*Required work*:
Please write out exactly the lines of the data below from the line holding "define TT where" through the line holding "(pmf_of_set T')) (T, k)", and leave out the rest.

*Provided data*:
--- START ---

lemma card_pointed_subsets_by_subsets:
  "finite U \<Longrightarrow> card (pointed_subsets U t) = t * card {T. T \<subseteq> U \<and> card T = t}"
  unfolding pointed_subsets_eq_Sigma
  by (subst card_SigmaI) (auto intro: finite_subset)

lemma bind_uniform_subset_uniform_point:
  assumes U: "finite U" and t: "1 \<le> t" "t \<le> card U"
  shows "bind_pmf (pmf_of_set {T. T \<subseteq> U \<and> card T = t})
           (\<lambda>T. map_pmf (\<lambda>k. (T, k)) (pmf_of_set T))
         = pmf_of_set (pointed_subsets U t)"
proof -
  define TT where "TT = {T. T \<subseteq> U \<and> card T = t}"
  have TT: "finite TT" "TT \<noteq> {}"
    using finite_subsets_of_card[OF U] pointed_subsets_nonempty[OF assms]
    by (auto simp: TT_def pointed_subsets_def)
  have member_TT: "finite T' \<and> T' \<noteq> {} \<and> card T' = t" if "T' \<in> TT" for T'
    using that t U by (auto simp: TT_def intro: finite_subset)
  show ?thesis
    unfolding TT_def[symmetric]
  proof (rule pmf_eqI)
    fix x :: "'a set \<times> 'a"
    obtain T k where x: "x = (T, k)"
      by fastforce
    have pmf_point: "pmf (map_pmf (\<lambda>k. (T', k)) (pmf_of_set T')) (T, k)
        = (if T' = T \<and> k \<in> T then 1 / t else 0)" if "T' \<in> TT" for T'
      using member_TT[OF that] by (auto simp: pmf_map vimage_def measure_pmf_of_set)
    have "pmf (bind_pmf (pmf_of_set TT) (\<lambda>T. map_pmf (\<lambda>k. (T, k)) (pmf_of_set T))) x
        = (\<Sum>T'\<in>TT. if T' = T \<and> k \<in> T then 1 / t else 0) / card TT"
      using TT pmf_point by (simp add: x pmf_bind_pmf_of_set)
    also have "\<dots> = indicator (pointed_subsets U t) x / (t * card TT)"
      using TT(1) by (cases "k \<in> T") (auto simp: x TT_def pointed_subsets_def)
    also have "\<dots> = pmf (pmf_of_set (pointed_subsets U t)) x"
      using finite_pointed_subsets[OF U] pointed_subsets_nonempty[OF assms]
      by (simp add: card_pointed_subsets_by_subsets[OF U] TT_def)
    finally show "pmf (bind_pmf (pmf_of_set TT) (\<lambda>T. map_pmf (\<lambda>k. (T, k)) (pmf_of_set T))) x
        = pmf (pmf_of_set (pointed_subsets U t)) x" .
  qed
qed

--- END ---

*Finished exercise*:
  define TT where "TT = {T. T \<subseteq> U \<and> card T = t}"
  have TT: "finite TT" "TT \<noteq> {}"
    using finite_subsets_of_card[OF U] pointed_subsets_nonempty[OF assms]
    by (auto simp: TT_def pointed_subsets_def)
  have member_TT: "finite T' \<and> T' \<noteq> {} \<and> card T' = t" if "T' \<in> TT" for T'
    using that t U by (auto simp: TT_def intro: finite_subset)
  show ?thesis
    unfolding TT_def[symmetric]
  proof (rule pmf_eqI)
    fix x :: "'a set \<times> 'a"
    obtain T k where x: "x = (T, k)"
      by fastforce
    have pmf_point: "pmf (map_pmf (\<lambda>k. (T', k)) (pmf_of_set T')) (T, k)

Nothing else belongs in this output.